Sraffa’s magnum opus, Production of Commodities by Means of Commodities: Prelude to a Critique of Economic Theory, was published in 1960 and took about 30 years to produce.

In contrast, the “expert” is a distinctly modern characterisation of someone who must be capable of immediately grasping the essential details of contemporary phenomenon and distilling them to “explain” the salient features to a non-technical audience.

Thus, by definition, the “expert” is grounded in the vernacular. Such individuals can have this tag given to them by simple virtue of their profile in the public domain. For example, those professionals working in the City of London financial services sector who are termed “economists”, even though they might not have an economics degree per se (and, generally, do not hold the academic qualification of doctorate that would earmark them as a genuine specialist in a particular branch of their special subject).
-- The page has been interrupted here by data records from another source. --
lemma path_component_of_Conf_lf:
  assumes adm: "admissible_tests \<phi>" and "x \<in> Conf_lf" "y \<in> Conf_lf"
  shows "path_component_of (Metric_space.mtopology Conf_lf (dSigma \<phi>)) x y"
proof -
  define \<theta> :: "nat \<Rightarrow> real" where "\<theta> j = 1 / (real j + 1)" for j
  have "0 < \<theta> j" "\<theta> j \<le> 1" for j
    by (simp_all add: \<theta>_def)
  then have "\<theta> j \<in> {-pi<..pi}" for j
    using pi_gt3 by (smt (verit) greaterThanAtMost_iff)
  then have \<theta>: "inj \<theta>" "range \<theta> \<subseteq> {-pi<..pi}"
    by (auto simp: inj_def \<theta>_def)
  obtain a where a: "\<And>j. 0 < a j" "\<And>R. finite {j. a j \<le> R}"
      "path_component_of (Metric_space.mtopology Conf_lf (dSigma \<phi>)) x (\<lambda>j. rcis (a j) (\<theta> j))"
    using path_component_of_radial_normal_form[OF adm \<open>x \<in> Conf_lf\<close>, where \<theta> = \<theta>] by blast
  obtain b where b: "\<And>j. 0 < b j" "\<And>R. finite {j. b j \<le> R}"
      "path_component_of (Metric_space.mtopology Conf_lf (dSigma \<phi>)) y (\<lambda>j. rcis (b j) (\<theta> j))"
    using path_component_of_radial_normal_form[OF adm \<open>y \<in> Conf_lf\<close>, where \<theta> = \<theta>] by blast
  have "path_component_of (Metric_space.mtopology Conf_lf (dSigma \<phi>)) x (\<lambda>j. rcis (b j) (\<theta> j))"
    using a(3) path_component_of_radial[OF adm \<theta> a(1,2) b(1,2)]
    by (rule path_component_of_trans)
  then show ?thesis
    using path_component_of_sym[OF b(3)] by (rule path_component_of_trans)
qed
lemma invertible_on_unit_column_extend:
  fixes M :: "'a \<Rightarrow> 'a \<Rightarrow> 'f::field"
  assumes fin: "finite Y" and v: "v \<notin> Y" and col: "\<And>i. i \<in> Y \<Longrightarrow> M i v = 0"
    and diag: "M v v = 1" and inv: "invertible_on Y M"
  shows "invertible_on (insert v Y) M"
proof -
  obtain T where T: "\<forall>i\<in>Y. \<forall>j\<in>Y. mat_mult_on Y M T i j = (if i = j then 1 else 0)
      \<and> mat_mult_on Y T M i j = (if i = j then 1 else 0)"
    using inv unfolding invertible_on_iff_mat_mult_on by blast
  \<comment> \<open>With r the row v of M on Y, M is the block matrix [[1, r], [0, M on Y]], with inverse
    [[1, -r T], [0, T]].\<close>
  define N where "N i j = (if i = v then (if j = v then 1 else - mat_mult_on Y M T v j)
      else if j = v then 0 else T i j)" for i j
  have row_v: "mat_mult_on Y (mat_mult_on Y M T) M v j = M v j" if "j \<in> Y" for j
  proof -
    have "mat_mult_on Y (mat_mult_on Y M T) M v j = mat_mult_on Y M (mat_mult_on Y T M) v j"
      by (simp only: mat_mult_on_assoc)
    also have "\<dots> = M v j"
      by (rule mat_mult_on_one_right) (use T fin that in auto)
    finally show ?thesis .
  qed
  have ne_v: "k \<noteq> v" if "k \<in> Y" for k
    using v that by blast
  show ?thesis
    unfolding invertible_on_iff_mat_mult_on
  proof (intro exI[of _ N] ballI conjI)
    fix i j assume i: "i \<in> insert v Y" and j: "j \<in> insert v Y"
    have "mat_mult_on (insert v Y) M N i j = M i v * N v j + mat_mult_on Y M N i j"
      using fin v by (simp add: mat_mult_on_def)
    moreover have "mat_mult_on Y M N i j = (if j = v then 0 else mat_mult_on Y M T i j)"
      by (simp add: mat_mult_on_def N_def ne_v cong: sum.cong)
    ultimately show "mat_mult_on (insert v Y) M N i j = (if i = j then 1 else 0)"
      using i j T col diag v by (auto simp: N_def)
    have "mat_mult_on (insert v Y) N M i j = N i v * M v j + mat_mult_on Y N M i j"
      using fin v by (simp add: mat_mult_on_def)
    moreover have "mat_mult_on Y N M i j = (if i = v then - mat_mult_on Y (mat_mult_on Y M T) M v j
        else mat_mult_on Y T M i j)"
      by (simp add: mat_mult_on_def N_def ne_v sum_negf cong: sum.cong)
    moreover have "mat_mult_on Y P M i v = 0" for P
      using col by (simp add: mat_mult_on_def)
    ultimately show "mat_mult_on (insert v Y) N M i j = (if i = j then 1 else 0)"
      using i j T diag v row_v by (auto simp: N_def)
  qed
qed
That many of these individuals simply repeated conventional nostrums about free markets and their purported “efficiency” only exposed the fragility of their expert status in failing to predict the 2008 financial crisis. That low point of the economics “profession” was famously encapsulated by the Queen at a visit to the London School of Economics in 2008 when she asked why no one saw the financial crisis coming.

Thus, in this fashion, was the status of a subject area so comprehensively trashed that it would be easy for individuals such as the former UK education secretary Michael Gove to come along about 10 years later, during the 2016 Brexit referendum, and further deride the status of “experts”.

This brings us back to an important point about the dissemination of “objective” knowledge, rather than just opinions, or propaganda. Edward Bernays, regarded as the father of public relations in the 1940s, argued that propaganda could have a positive role in a democratic society by providing a plurality of “guiding thoughts” for “the masses” (as opposed to one stream of guiding thought in a dictatorship).

However, academics are defined as credible by grounding their arguments and “guiding thoughts” in some type of robust evidence base – or at least an internally consistent system of logical thinking and assumptions. 

However, in the realm of human interaction characterised by social sciences, separating the “objective” from the “normative” is a difficult activity at the best of times. In the 21st-century context of all-pervasive multimedia and multiple information sources, the academic function of inquiry – the testing, review and publishing of research – becomes ever more pressurised by the need to contribute to and influence public debate.

It is this dilemma that leaves one wondering if a balance between “scholar” and “expert” can be achieved. A simple answer might be in the use of cross-disciplinary teams, with less emphasis on the individual as a sole author of significant works – thus enabling the harnessing of a wide range of talents and aptitudes; and, crucially, engaging practitioners to co-create impact and dialogue with the “mundane world”.

However, the urgency of this in a political climate where democratic norms are increasingly coming under attack demands it. A salutary warning from history is provided by John Maynard Keynes, who noted in 1936 that “[m]admen in authority, who hear voices in the air, are distilling their frenzy from some academic scribbler of a few years back”. Or, as the Australian pop band Inxs sang in the early 1990s, “I was thinking, got the feeling, the gift you give is going to last forever…”.

Author Bio: Alex de Ruyter is a professor and director of the Centre for Brexit Studies, Birmingham City University.